§ EXERCISE
From the records below, extract only the lines running from the line with "n) * (pair_prod" to the line with "(1 - q_falling", both lines included, reproducing them exactly.

Stored entries:
lemma rank_term_truncation:
  assumes "n < K"
  shows "qq ^ K dvd zpair_inf 1 * (rank_numer qq n * inverse (pair_prod qq ww 1 n))
    - rank_term qq ww K n"
proof -
  have "zpair_inf 1 * (rank_numer qq n * inverse (pair_prod qq ww 1 n))
      = rank_numer qq n * zpair_inf (Suc n) * (pair_prod qq ww 1 n * inverse (pair_prod qq ww 1 n))"
    unfolding zpair_inf_split[of n] by (simp only: ac_simps)
  also have "pair_prod qq ww 1 n * inverse (pair_prod qq ww 1 n) = 1"
    by (rule inverse_mult_eq_1') (simp add: pair_prod_nth_0)
  finally have cancel: "zpair_inf 1 * (rank_numer qq n * inverse (pair_prod qq ww 1 n))
      = rank_numer qq n * zpair_inf (Suc n)" by simp
  have "qq ^ K dvd rank_numer qq n * (1 - q_falling qq K n)"
    using power_dvd_rank_numer_mult_q_falling[of n K qq] assms
    by (auto intro: dvd_trans[OF le_imp_power_dvd])
  moreover have "qq ^ K dvd zpair_inf (Suc n) - pair_prod qq ww (Suc n) (K - n)"
    using assms by (intro zpair_inf_truncation) simp
  ultimately have "qq ^ K dvd rank_numer qq n * zpair_inf (Suc n)
      - (rank_numer qq n * q_falling qq K n) * pair_prod qq ww (Suc n) (K - n)"
    by (intro dvd_mult_diff) (simp_all add: right_diff_distrib)
  then show ?thesis unfolding cancel rank_term_def by simp
qed

lemma rank_gen_truncation: "qq ^ K dvd zpair_inf 1 * Nbar_gen - rank_trunc qq ww K"
proof -
  define t where "t n = rank_numer qq n * inverse (pair_prod qq ww 1 n)" for n
  have series: "Nbar_gen = suminf t"
    unfolding Nbar_gen_def qpoch_zz_zinv[of 1, unfolded power_one_right] t_def rank_numer_def
    by (simp add: qpoch_def)
  have "qq ^ n dvd t n" for n
    unfolding t_def by (intro dvd_mult2 power_dvd_rank_numer)
  then have "qq ^ K dvd Nbar_gen - (\<Sum>n<K. t n)"
    unfolding series by (intro suminf_fps_truncation[where 'a="rat fls", folded qq_def]) simp_all
  then have head: "qq ^ K dvd zpair_inf 1 * Nbar_gen - (\<Sum>n<K. zpair_inf 1 * t n)"
    unfolding sum_distrib_left[symmetric] right_diff_distrib[symmetric] by (rule dvd_mult)
  have body: "qq ^ K dvd (\<Sum>n<K. zpair_inf 1 * t n) - (\<Sum>n<K. rank_term qq ww K n)"
    unfolding sum_subtractf[symmetric] t_def by (intro dvd_sum rank_term_truncation) simp
  have tail: "qq ^ K dvd rank_term qq ww K K"
    unfolding rank_term_def by (intro dvd_mult2 power_dvd_rank_numer)
  have "rank_trunc qq ww K = (\<Sum>n<K. rank_term qq ww K n) + rank_term qq ww K K"
    by (simp add: rank_trunc_def lessThan_Suc_atMost[symmetric])
  then have "zpair_inf 1 * Nbar_gen - rank_trunc qq ww K
      = (zpair_inf 1 * Nbar_gen - (\<Sum>n<K. zpair_inf 1 * t n))
        + ((\<Sum>n<K. zpair_inf 1 * t n) - (\<Sum>n<K. rank_term qq ww K n)) - rank_term qq ww K K"
    by simp
  with head body tail show ?thesis by (simp only: dvd_add dvd_diff)
qed

lemma crank_term_truncation:
  assumes "n < K"
  shows "qq ^ K dvd zpair_inf 1 * pair_factor qq ww 0
      * (qq ^ Suc n * even_qpoch_inf (Suc n + 1) * inverse (zpair_inf (Suc n)))
    - crank_term qq ww K (Suc n)"
proof -
  have "zpair_inf 1 * pair_factor qq ww 0
      * (qq ^ Suc n * even_qpoch_inf (Suc n + 1) * inverse (zpair_inf (Suc n)))
      = qq ^ Suc n * (pair_factor qq ww 0 * pair_prod qq ww 1 n)
        * even_qpoch_inf (Suc n + 1) * (zpair_inf (Suc n) * inverse (zpair_inf (Suc n)))"
    unfolding zpair_inf_split[of n] by (simp only: ac_simps)
  also have "zpair_inf (Suc n) * inverse (zpair_inf (Suc n)) = 1"
    by (rule inverse_mult_eq_1') (simp add: zpair_inf_nth_0)
  finally have cancel: "zpair_inf 1 * pair_factor qq ww 0
      * (qq ^ Suc n * even_qpoch_inf (Suc n + 1) * inverse (zpair_inf (Suc n)))
      = qq ^ Suc n * pair_prod qq ww 0 (Suc n) * even_qpoch_inf (Suc n + 1)"
    by (simp add: pair_prod_Suc')
  have "qq ^ K dvd qq ^ Suc n * pair_prod qq ww 0 (Suc n) * even_qpoch_inf (Suc n + 1)
      - crank_term qq ww K (Suc n)"
    unfolding crank_term_def right_diff_distrib[symmetric]
    by (intro dvd_mult even_qpoch_inf_truncation) (use assms in simp)
  then show ?thesis unfolding cancel .
qed

lemma zpair_inf_mult_Mbar_gen: "zpair_inf 1 * Mbar_gen = even_qpoch_inf 1"
proof -
  have "zpair_inf 1 * Mbar_gen = even_qpoch_inf 1 * (zpair_inf 1 * inverse (zpair_inf 1))"
    unfolding Mbar_gen_def even_qpoch_inf_def zpair_inf_def by (simp add: ac_simps)
  also have "zpair_inf 1 * inverse (zpair_inf 1) = 1"
    by (rule inverse_mult_eq_1') (simp add: zpair_inf_nth_0)
  finally show ?thesis by simp
qed

lemma crank_gen_truncation:
  "qq ^ K dvd zpair_inf 1 * ((1 - zz) * (1 - zinv) * Sbar + Mbar_gen) - crank_trunc qq ww K"
proof -
  define c where "c = zpair_inf 1 * pair_factor qq ww 0"
  define t where "t n = qq ^ Suc n * even_qpoch_inf (Suc n + 1) * inverse (zpair_inf (Suc n))" for n
  have series: "Sbar = suminf t"
    unfolding Sbar_def t_def even_qpoch_inf_def zpair_inf_def Let_def by (simp add: mult.assoc)
  have "qq ^ n dvd t n" for n
    unfolding t_def by (intro dvd_mult2 le_imp_power_dvd) simp
  then have "qq ^ K dvd Sbar - (\<Sum>n<K. t n)"
    unfolding series by (intro suminf_fps_truncation[where 'a="rat fls", folded qq_def]) simp_all
  then have head: "qq ^ K dvd c * Sbar - (\<Sum>n<K. c * t n)"
    unfolding sum_distrib_left[symmetric] right_diff_distrib[symmetric] by (rule dvd_mult)
  have body: "qq ^ K dvd (\<Sum>n<K. c * t n) - (\<Sum>n<K. crank_term qq ww K (Suc n))"
    unfolding sum_subtractf[symmetric] c_def t_def by (intro dvd_sum crank_term_truncation) simp
  have tail: "qq ^ K dvd zpair_inf 1 * Mbar_gen - crank_term qq ww K 0"
    using even_qpoch_inf_truncation[of K K 1] unfolding zpair_inf_mult_Mbar_gen
    by (simp add: crank_term_def pair_prod_def)
  have "crank_trunc qq ww K = crank_term qq ww K 0 + (\<Sum>n<K. crank_term qq ww K (Suc n))"
    by (simp only: crank_trunc_def lessThan_Suc_atMost[symmetric] sum.lessThan_Suc_shift)
  moreover have "(1 - zz) * (1 - zinv) = pair_factor qq ww 0"
    using pair_factor_zz_zinv[of 0] by simp
  ultimately have "zpair_inf 1 * ((1 - zz) * (1 - zinv) * Sbar + Mbar_gen) - crank_trunc qq ww K
      = (c * Sbar - (\<Sum>n<K. c * t n)) + ((\<Sum>n<K. c * t n) - (\<Sum>n<K. crank_term qq ww K (Suc n)))
        + (zpair_inf 1 * Mbar_gen - crank_term qq ww K 0)"
    by (simp add: c_def algebra_simps)
  with head body tail show ?thesis by (simp only: dvd_add)
qed
definition min_active :: "nat list \<Rightarrow> nat list list \<Rightarrow> nat \<Rightarrow> bool" where
  "min_active k cols j \<longleftrightarrow> active k cols j \<and>
     (\<forall>j'. active k cols j' \<longrightarrow> j' \<noteq> j \<longrightarrow> last (cols!j) < last (cols!j'))"

lemma fill_step_W_eq:
  assumes "min_active k cols j"
  shows "fill_step k cols (i, W) = append_col cols j i"
proof -
  have j: "active k cols j"
    and less: "\<And>j'. active k cols j' \<Longrightarrow> j' \<noteq> j \<Longrightarrow> last (cols!j) < last (cols!j')"
    using assms unfolding min_active_def by auto
  have "(LEAST j. active k cols j \<and> (\<forall>j'. active k cols j' \<longrightarrow> last (cols!j) \<le> last (cols!j'))) = j"
  proof (rule Least_equality)
    show "active k cols j \<and> (\<forall>j'. active k cols j' \<longrightarrow> last (cols!j) \<le> last (cols!j'))"
      using j less by (metis order_refl less_imp_le)
    fix y assume y: "active k cols y \<and> (\<forall>j'. active k cols j' \<longrightarrow> last (cols!y) \<le> last (cols!j'))"
    then have "\<not> last (cols!j) < last (cols!y)" using j by (simp add: not_less)
    then show "j \<le> y" using less y by (cases "y = j") auto
  qed
  then show ?thesis using j by (auto simp: append_col_def Let_def)
qed

lemma fill_step_S_eq:
  assumes "j < length k" "cols!j = []" "\<forall>j'<j. cols!j' \<noteq> []"
  shows "fill_step k cols (i, S x) = append_col cols j i"
proof -
  have "(LEAST j. j < length k \<and> cols!j = []) = j"
    using assms by (intro Least_equality) (auto intro: leI)
  then show ?thesis using assms by (auto simp: append_col_def Let_def)
qed

lemma ex_min_active:
  assumes "distinct (concat cols)" "length cols = length k" "active k cols j0"
  obtains j where "min_active k cols j"
proof -
  let ?A = "{j. active k cols j}"
  have fin: "finite ?A" by (rule finite_subset[of _ "{..<length k}"]) (auto simp: active_def)
  have "Min ((\<lambda>j. last (cols!j)) ` ?A) \<in> (\<lambda>j. last (cols!j)) ` ?A"
    using fin assms(3) by (intro Min_in) auto
  then obtain j where j: "active k cols j" "last (cols!j) = Min ((\<lambda>j. last (cols!j)) ` ?A)"
    by auto
  have "last (cols!j) < last (cols!j')" if "active k cols j'" "j' \<noteq> j" for j'
  proof -
    have "last (cols!j) \<le> last (cols!j')" using j(2) fin that(1) by simp
    moreover have "last (cols!j) \<noteq> last (cols!j')"
      using distinct_concat_nth_eq[OF assms(1), of j j' "length (cols!j) - 1" "length (cols!j') - 1"]
        j(1) that assms(2) by (auto simp: active_def last_conv_nth)
    ultimately show ?thesis by simp
  qed
  then show ?thesis using that j(1) unfolding min_active_def by blast
qed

§ TASK OUTPUT
      = rank_numer qq n * zpair_inf (Suc n) * (pair_prod qq ww 1 n * inverse (pair_prod qq ww 1 n))"
    unfolding zpair_inf_split[of n] by (simp only: ac_simps)
  also have "pair_prod qq ww 1 n * inverse (pair_prod qq ww 1 n) = 1"
    by (rule inverse_mult_eq_1') (simp add: pair_prod_nth_0)
  finally have cancel: "zpair_inf 1 * (rank_numer qq n * inverse (pair_prod qq ww 1 n))
      = rank_numer qq n * zpair_inf (Suc n)" by simp
  have "qq ^ K dvd rank_numer qq n * (1 - q_falling qq K n)"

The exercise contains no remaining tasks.